April’s that time of year when large swathes of the population start regretting all the chocolate they ate over Easter. After the restraint during Lent, indulging in masses of the stuff is acceptable in a way that just wouldn’t be tolerated in January – not with all those New Year’s resolutions about losing weight and slimming.
Away from the real world, the fashion industry has long regarded a slim, skinny form as the most beautiful. With mounting alarm at incessant reports of worsening obesity rates in the UK, such an ideal is radically out of touch with the ordinary people (men have body-image issues too – have you seen Cristiano Ronaldo’s torso?) expected to buy the products of that industry. Time and again the industry has been criticised for portraying images of stick-thin women as ideal, which is unobtainable for most outside the fashion world.

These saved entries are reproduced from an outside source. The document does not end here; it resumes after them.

text \<open>The code c t = h t # c (f t), read along the f-iterates of t, is injective on chains.\<close>
lemma special_if_regressive_coloring:
  fixes f :: "'a \<Rightarrow> 'a" and h :: "'a \<Rightarrow> nat"
  assumes regressive: "\<And>s t. s \<in> T \<Longrightarrow> t \<in> T \<Longrightarrow> lt s t \<Longrightarrow> f t \<in> T \<and> lt (f t) t"
    and coloring: "\<And>s t t'. s \<in> T \<Longrightarrow> t \<in> T \<Longrightarrow> t' \<in> T \<Longrightarrow> lt s t \<Longrightarrow> lt t t'
                     \<Longrightarrow> f t = f t' \<Longrightarrow> h t \<noteq> h t'"
  shows "special T lt"
proof -
  define nonmin where "nonmin t \<longleftrightarrow> t \<in> T \<and> (\<exists>s\<in>T. lt s t)" for t
  define R where "R = inv_image {(x::'w, y). x < y} ht"
  have "wf R" unfolding R_def by (rule wf_inv_image) (rule wf)
  define c where "c = wfrec R (\<lambda>c t. if nonmin t then h t # c (f t) else [])"
  have c_nonmin: "c t = h t # c (f t)" if "nonmin t" for t
  proof -
    have "(f t, t) \<in> R"
      using that regressive tree_ht_less unfolding nonmin_def R_def by auto
    then show ?thesis
      using that by (subst c_def, subst wfrec[OF \<open>wf R\<close>]) (simp add: cut_apply flip: c_def)
  qed
  have c_min: "c t = []" if "\<not> nonmin t" for t
    using that by (subst c_def, subst wfrec[OF \<open>wf R\<close>]) simp
  have c_chain_inj: "c t \<noteq> c t'" if "t \<in> T" "t' \<in> T" "lt t t'" for t t'
    using that
  proof (induction "ht t" arbitrary: t t' rule: less_induct)
    case less
    have "nonmin t'" using less.prems unfolding nonmin_def by blast
    show ?case
    proof (cases "nonmin t")
      case False
      then show ?thesis using c_min c_nonmin[OF \<open>nonmin t'\<close>] by simp
    next
      case True
      then obtain s where s: "s \<in> T" "lt s t" unfolding nonmin_def by blast
      have ft: "f t \<in> T" "lt (f t) t" and ft': "f t' \<in> T" "lt (f t') t'"
        using regressive s less.prems tree_trans by blast+
      have "lt (f t) t'" using tree_trans ft less.prems by blast
      show ?thesis
      proof
        assume eq: "c t = c t'"
        then have "h t = h t'" and eq_f: "c (f t) = c (f t')"
          using c_nonmin True \<open>nonmin t'\<close> by auto
        then have "f t \<noteq> f t'" using coloring s less.prems by blast
        then consider "lt (f t) (f t')" | "lt (f t') (f t)"
          using tree_pred_linear[OF _ ft(1) ft'(1) \<open>lt (f t) t'\<close> ft'(2)] less.prems by blast
        then show False
        proof cases
          case 1
          then show False
            using less.hyps[of "f t" "f t'"] ft ft' eq_f tree_ht_less less.prems by blast
        next
          case 2
          have "ht (f t') < ht t"
            using 2 ft ft' tree_ht_less less.prems by (meson less_trans)
          then show False using less.hyps[of "f t'" "f t"] 2 ft ft' eq_f by metis
        qed
      qed
    qed
  qed
  define A where "A n = {t\<in>T. to_nat (c t) = n}" for n
  have "T = (\<Union>n. A n)" unfolding A_def by auto
  moreover have "antichain lt (A n)" for n
    unfolding antichain_def A_def using c_chain_inj by (auto dest: injD[OF inj_to_nat]) metis
  ultimately show ?thesis unfolding special_def by blast
qed

end

lemma limit_ord_bounds_finite:
  fixes \<alpha> :: "'w::wellorder"
  assumes "limit_ord \<alpha>" "finite B" "\<forall>\<beta>\<in>B. \<beta> < \<alpha>"
  shows "\<exists>\<gamma><\<alpha>. \<forall>\<beta>\<in>B. \<beta> < \<gamma>"
proof (cases "B = {}")
  case True
  then show ?thesis using assms(1) unfolding limit_ord_def by blast
next
  case False
  then have "Max B < \<alpha>" using assms(2,3) by simp
  then obtain \<gamma> where "Max B < \<gamma>" "\<gamma> < \<alpha>" using assms(1) unfolding limit_ord_def by blast
  then show ?thesis using assms(2) by (meson Max_ge le_less_trans)
qed

lemma cofinal_point_above_finite:
  assumes tree: "tree_ht T lt ht"
    and t: "t \<in> T" "limit_ord (ht t)"
    and "L \<subseteq> T" and cofinal: "\<forall>s\<in>T. lt s t \<longrightarrow> (\<exists>c\<in>L. s = c \<or> lt s c)"
    and "finite S" "S \<subseteq> {x\<in>T. lt x t}"
  shows "\<exists>c\<in>L. \<forall>x\<in>S. lt x c"
proof -
  have "\<forall>\<beta>\<in>ht ` S. \<beta> < ht t" using assms(7) tree_ht_less[OF tree] t(1) by auto
  then obtain \<gamma> where \<gamma>: "\<gamma> < ht t" "\<forall>x\<in>S. ht x < \<gamma>"
    using limit_ord_bounds_finite[OF t(2)] \<open>finite S\<close> by (metis finite_imageI image_eqI)
  obtain s where s: "s \<in> T" "lt s t" "ht s = \<gamma>"
    using tree_pred_at_height[OF tree t(1) \<gamma>(1)] by blast
  obtain c where c: "c \<in> L" "s = c \<or> lt s c" using cofinal s by blast
  have "lt x c" if "x \<in> S" for x
  proof -
    have "lt x s"
      using tree_pred_less_if_ht_less[OF tree t(1) _ s(1) _ s(2)] that \<gamma>(2) s(3) assms(7) by auto
    then show ?thesis using c \<open>L \<subseteq> T\<close> s(1) that assms(7) tree_trans[OF tree] by blast
  qed
  then show ?thesis using c(1) by blast
qed

definition sup_below :: "'w::wellorder set \<Rightarrow> 'w \<Rightarrow> 'w" where
  "sup_below C \<delta> = (LEAST \<beta>. \<forall>\<gamma>\<in>C. \<gamma> < \<delta> \<longrightarrow> \<gamma> \<le> \<beta>)"

lemma sup_below_upper: "\<gamma> \<in> C \<Longrightarrow> \<gamma> < \<delta> \<Longrightarrow> \<gamma> \<le> sup_below C \<delta>"
  unfolding sup_below_def by (rule LeastI2[of _ \<delta>]) auto

lemma sup_below_le: "sup_below C \<delta> \<le> \<delta>"
  unfolding sup_below_def by (rule Least_le) auto

lemma sup_below_less:
  assumes "club C" "\<beta> < \<delta>" "\<not> (limit_ord \<delta> \<and> \<delta> \<in> C)"
  shows "sup_below C \<delta> < \<delta>"
proof (rule ccontr)
  assume "\<not> sup_below C \<delta> < \<delta>"
  then have sup_eq: "sup_below C \<delta> = \<delta>" using sup_below_le[of C \<delta>] by auto
  have C_cofinal: "\<exists>\<gamma>\<in>C. \<beta>' < \<gamma> \<and> \<gamma> < \<delta>" if "\<beta>' < \<delta>" for \<beta>'
  proof -
    have "\<not> (\<forall>\<gamma>\<in>C. \<gamma> < \<delta> \<longrightarrow> \<gamma> \<le> \<beta>')"
      using not_less_Least[of \<beta>' "\<lambda>\<beta>. \<forall>\<gamma>\<in>C. \<gamma> < \<delta> \<longrightarrow> \<gamma> \<le> \<beta>"] that sup_eq
      unfolding sup_below_def by auto
    then show ?thesis by (auto simp: not_le)
  qed
  have "limit_ord \<delta>"
    unfolding limit_ord_def using assms(2) C_cofinal by (meson less_trans)
  moreover have "\<delta> \<in> C"
  proof (rule assms(1)[unfolded club_def, THEN conjunct2, rule_format, OF conjI])
    show "\<exists>\<delta>'\<in>C. \<delta>' < \<delta>" using C_cofinal[OF assms(2)] by blast
    show "\<forall>\<gamma><\<delta>. \<exists>\<delta>'\<in>C. \<gamma> < \<delta>' \<and> \<delta>' < \<delta>" using C_cofinal by blast
  qed
  ultimately show False using assms(3) by blast
qed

In January this year German magazine Brigitte controversially banned professional models from its shoots, after being swamped with letters from female readers complaining that they couldn’t identify with such thin models. Worse, the editors themselves were tired of airbrushing models to plump them up. As of January, Brigitte (circulation 700,000) has been using readers as models, encouraging the ‘normal’ woman to briefly step out of her normal life and present fashion to the masses.
Such a move does raise questions about how exactly we define a ‘normal’ woman, as well as the purpose of fashion. As an industry, fashion’s purpose is simply to clothe us and (maybe/hopefully) make us feel and look good in those clothes, right? As an art form though… perhaps Chanel designer Karl Lagerfeld has a point when he says that fashion is about ‘dreams and illusions’. Sure, but the dreams of an eccentric, seventy-something German aren’t much use to the average UK shopper or student.
In the UK, Vogue editor Alexandra Shulman last year sent a letter to top designers (including Lagerfeld) complaining that sample clothing sent out by fashion houses was ‘minuscule’. She argued that magazines were therefore forced into hiring increasingly thin models, and then – like Brigitte – airbrushing them plumper.
The industry was hesitant to respond to Shulman’s letter – possibly timid after two models died in circumstances connected with eating disorders. When contacted by The Times a Christian Dior spokeswoman stressed Dior’s ‘well-known policy of casting healthy-looking models’, but others – like Chanel and Versace – declined to comment. Eleni Renton, founder of Leni’s Model Management (who have M&S underwear model Natalie Suliman on their books), blames designers for ‘creating female clothes for a man’s body. No hips or bust’.
Again, it seems that new collections are being designed for the sake of the fashion world, and not for the consumer. With increasingly thin models, fashion becomes more about the high art and illusion of Lagerfeld (see the current exhibition at Hull Truck, ‘Now and Ten’, for an example of fashion as high art; pretty, though utterly impractical) and less about what we high street shoppers want to (and can) wear. This attitude is not only dangerous for models but also distances the industry from its wider market. That’s ‘wider’ in both senses, though the pun was unintended. The wider market may have more luck with online magazine, Plus (www.plusemodelmag.com), or retailers like M&S.
The thing is, the person modelling isn’t all that important. What matters is that we the consumers can see ourselves wearing the clothes – otherwise, why buy them? The fashion industry needs to get over the size zero debate, stop encouraging the skinnier figure, and reconnect with its consumer base of everyday (non-size zero) people – the people who worry about their weight after indulging in Easter chocolate.